Fire Is Essential For Survival In The Wild

In a survival situation, small fires are easier to build and control than large fires. A few small campfires lit in the cold weather around you will produce more heat than large bonfires. Define and clearly limit fireplaces to avoid large forest fires. First of all, when you need to make a fire on wet ground or in snow, build a wooden or stone platform. Protect the fire from the wind with a windbreaker or reflector that will direct the heat in the required direction. Use trees and dry twigs as fuel. In wet weather, you will find dry fuel under the trunks of fallen trees. In areas with sparse and dry vegetation, animal fat, and sometimes even coal, tar, or peat, they can be found at ground level, and they can be used as fuel. Meanwhile, if you need survival knives for cutting woods for your campfire, we suggest you buy excellent knives on as soon as possible.

If there is debris from an airplane that has had an accident nearby, use a mixture of gasoline and oil (oil) as fuel. Some plants can also be used, but are not poisonous.

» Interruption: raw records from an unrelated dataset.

lemma alternatives_le_Ques:
  assumes "alternatives_le V f k"
  shows "alternatives_le V (Ques f) (k + 1)"
proof -
  obtain F where F: "finite F" "card F \<le> k" "\<And>s. supp V s f \<longleftrightarrow> (\<exists>a\<in>F. s \<subseteq> a)"
    using assms by (elim alternatives_leE) blast
  obtain G where G: "finite G" "card G \<le> 1" "\<And>s. supp V s (Neg f) \<longleftrightarrow> (\<exists>a\<in>G. s \<subseteq> a)"
    using alternatives_le_Neg[OF assms] by (elim alternatives_leE) blast
  show ?thesis
  proof (rule alternatives_leI[of "F \<union> G"])
    show "card (F \<union> G) \<le> k + 1" using card_Un_le[of F G] F G by linarith
    have "supp V s (Ques f) \<longleftrightarrow> supp V s f \<or> supp V s (Neg f)" for s
      by simp
    then show "supp V s (Ques f) \<longleftrightarrow> (\<exists>a\<in>F \<union> G. s \<subseteq> a)" for s
      using F(3)[of s] G(3)[of s] by blast
  qed (use F G in simp)
qed

lemma alternatives_le_IDisj:
  assumes "alternatives_le V f k" "alternatives_le V g l"
  shows "alternatives_le V (IDisj f g) (k + l)"
proof -
  obtain F where F: "finite F" "card F \<le> k" "\<And>s. supp V s f \<longleftrightarrow> (\<exists>a\<in>F. s \<subseteq> a)"
    using assms(1) by (elim alternatives_leE) blast
  obtain G where G: "finite G" "card G \<le> l" "\<And>s. supp V s g \<longleftrightarrow> (\<exists>a\<in>G. s \<subseteq> a)"
    using assms(2) by (elim alternatives_leE) blast
  show ?thesis
  proof (rule alternatives_leI[of "F \<union> G"])
    show "card (F \<union> G) \<le> k + l" using card_Un_le[of F G] F G by linarith
  qed (use F G in auto)
qed

lemma card_image_product_le:
  assumes "finite A" "finite B" "card A \<le> k" "card B \<le> l"
  shows "card ((\<lambda>(x, y). h x y) ` (A \<times> B)) \<le> k * l"
proof -
  have "card ((\<lambda>(x, y). h x y) ` (A \<times> B)) \<le> card (A \<times> B)"
    using assms(1,2) by (intro card_image_le) simp
  also have "\<dots> = card A * card B"
    by (rule card_cartesian_product)
  also have "\<dots> \<le> k * l"
    using assms(3,4) by (rule mult_le_mono)
  finally show ?thesis .
qed

lemma alternatives_le_Conj:
  assumes "alternatives_le V f k" "alternatives_le V g l"
  shows "alternatives_le V (Conj f g) (k * l)"
proof -
  obtain F where F: "finite F" "card F \<le> k" "\<And>s. supp V s f \<longleftrightarrow> (\<exists>a\<in>F. s \<subseteq> a)"
    using assms(1) by (elim alternatives_leE) blast
  obtain G where G: "finite G" "card G \<le> l" "\<And>s. supp V s g \<longleftrightarrow> (\<exists>a\<in>G. s \<subseteq> a)"
    using assms(2) by (elim alternatives_leE) blast
  have supp_iff: "supp V s (Conj f g) \<longleftrightarrow> (\<exists>c\<in>(\<lambda>(a, b). a \<inter> b) ` (F \<times> G). s \<subseteq> c)" for s
  proof
    assume "supp V s (Conj f g)"
    then obtain a b where "a \<in> F" "s \<subseteq> a" "b \<in> G" "s \<subseteq> b"
      using F(3) G(3) by auto
    then show "\<exists>c\<in>(\<lambda>(a, b). a \<inter> b) ` (F \<times> G). s \<subseteq> c"
      by (intro bexI[of _ "a \<inter> b"]) auto
  next
    assume "\<exists>c\<in>(\<lambda>(a, b). a \<inter> b) ` (F \<times> G). s \<subseteq> c"
    then obtain a b where "a \<in> F" "b \<in> G" "s \<subseteq> a \<inter> b" by auto
    then show "supp V s (Conj f g)" using F(3) G(3) by auto
  qed
  have card: "card ((\<lambda>(a, b). a \<inter> b) ` (F \<times> G)) \<le> k * l"
    using F(1) G(1) F(2) G(2) by (rule card_image_product_le)
  show ?thesis
    by (rule alternatives_leI[OF _ card supp_iff]) (simp add: F(1) G(1))
qed

lemma alternatives_le_Tensor:
  assumes "alternatives_le V f k" "alternatives_le V g l"
  shows "alternatives_le V (Tensor f g) (k * l)"
proof -
  obtain F where F: "finite F" "card F \<le> k" "\<And>s. supp V s f \<longleftrightarrow> (\<exists>a\<in>F. s \<subseteq> a)"
    using assms(1) by (elim alternatives_leE) blast
  obtain G where G: "finite G" "card G \<le> l" "\<And>s. supp V s g \<longleftrightarrow> (\<exists>a\<in>G. s \<subseteq> a)"
    using assms(2) by (elim alternatives_leE) blast
  have supp_iff: "supp V s (Tensor f g) \<longleftrightarrow> (\<exists>c\<in>(\<lambda>(a, b). a \<union> b) ` (F \<times> G). s \<subseteq> c)" for s
  proof
    assume "supp V s (Tensor f g)"
    then obtain t u where "s = t \<union> u" "supp V t f" "supp V u g"
      by auto
    then obtain a b where "a \<in> F" "b \<in> G" "s \<subseteq> a \<union> b"
      using F(3)[of t] G(3)[of u] by blast
    then show "\<exists>c\<in>(\<lambda>(a, b). a \<union> b) ` (F \<times> G). s \<subseteq> c"
      by (intro bexI[of _ "a \<union> b"]) auto
  next
    assume "\<exists>c\<in>(\<lambda>(a, b). a \<union> b) ` (F \<times> G). s \<subseteq> c"
    then obtain a b where "a \<in> F" "b \<in> G" "s \<subseteq> a \<union> b" by auto
    then have "supp V (s \<inter> a) f" "supp V (s - a) g"
      using F(3)[of "s \<inter> a"] G(3)[of "s - a"] by blast+
    moreover have "s = (s \<inter> a) \<union> (s - a)" by blast
    ultimately show "supp V s (Tensor f g)" by (simp only: supp.simps) blast
  qed
  have card: "card ((\<lambda>(a, b). a \<union> b) ` (F \<times> G)) \<le> k * l"
    using F(1) G(1) F(2) G(2) by (rule card_image_product_le)
  show ?thesis
    by (rule alternatives_leI[OF _ card supp_iff]) (simp add: F(1) G(1))
qed

lemma power_Suc_add_power_Suc_le:
  assumes "2 \<le> c"
  shows "c ^ (m + 1) + c ^ (n + 1) \<le> (c::nat) ^ (m + n + 2)"
proof -
  have "c ^ (m + 1) \<le> c ^ (m + n + 1)" "c ^ (n + 1) \<le> c ^ (m + n + 1)"
    using assms by (simp_all add: power_increasing)
  then have "c ^ (m + 1) + c ^ (n + 1) \<le> 2 * c ^ (m + n + 1)" by linarith
  also have "\<dots> \<le> c * c ^ (m + n + 1)" using assms by simp
  also have "\<dots> = c ^ (m + n + 2)" by simp
  finally show ?thesis .
qed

To light, a fire, take advantage of what is quick to ignite, for example, dry logs, cone firs, tree bark, twigs, palm fronds, dry spruce needles, herbs, moss, ferns, spongy threads from giant raincoats (mushrooms), which are also eatable. Before you try to start a fire, make shavings from dry wood. One of the most convenient and best materials for making fire is rotting trees or dry logs.

Rotten wood can be found even in wet weather, cleaning the wet top layer of such wood with a knife, sharp stick, or even with your hands. Paper and gas will serve as wicks. Even in the rain, the sap of dry cones or stumps quickly ignites. Dry birch bark also contains tarry substances that burn quickly. Place these ingredients in a stack of wood.

Maintain fire properly. Use freshly cut logs or a thick rotten end surface so that the fire slowly ignites. Protect the red light from the wind. Cover it with ash and a layer of soil on top. That way, it will be easier for you to maintain the fire than to rebuild it.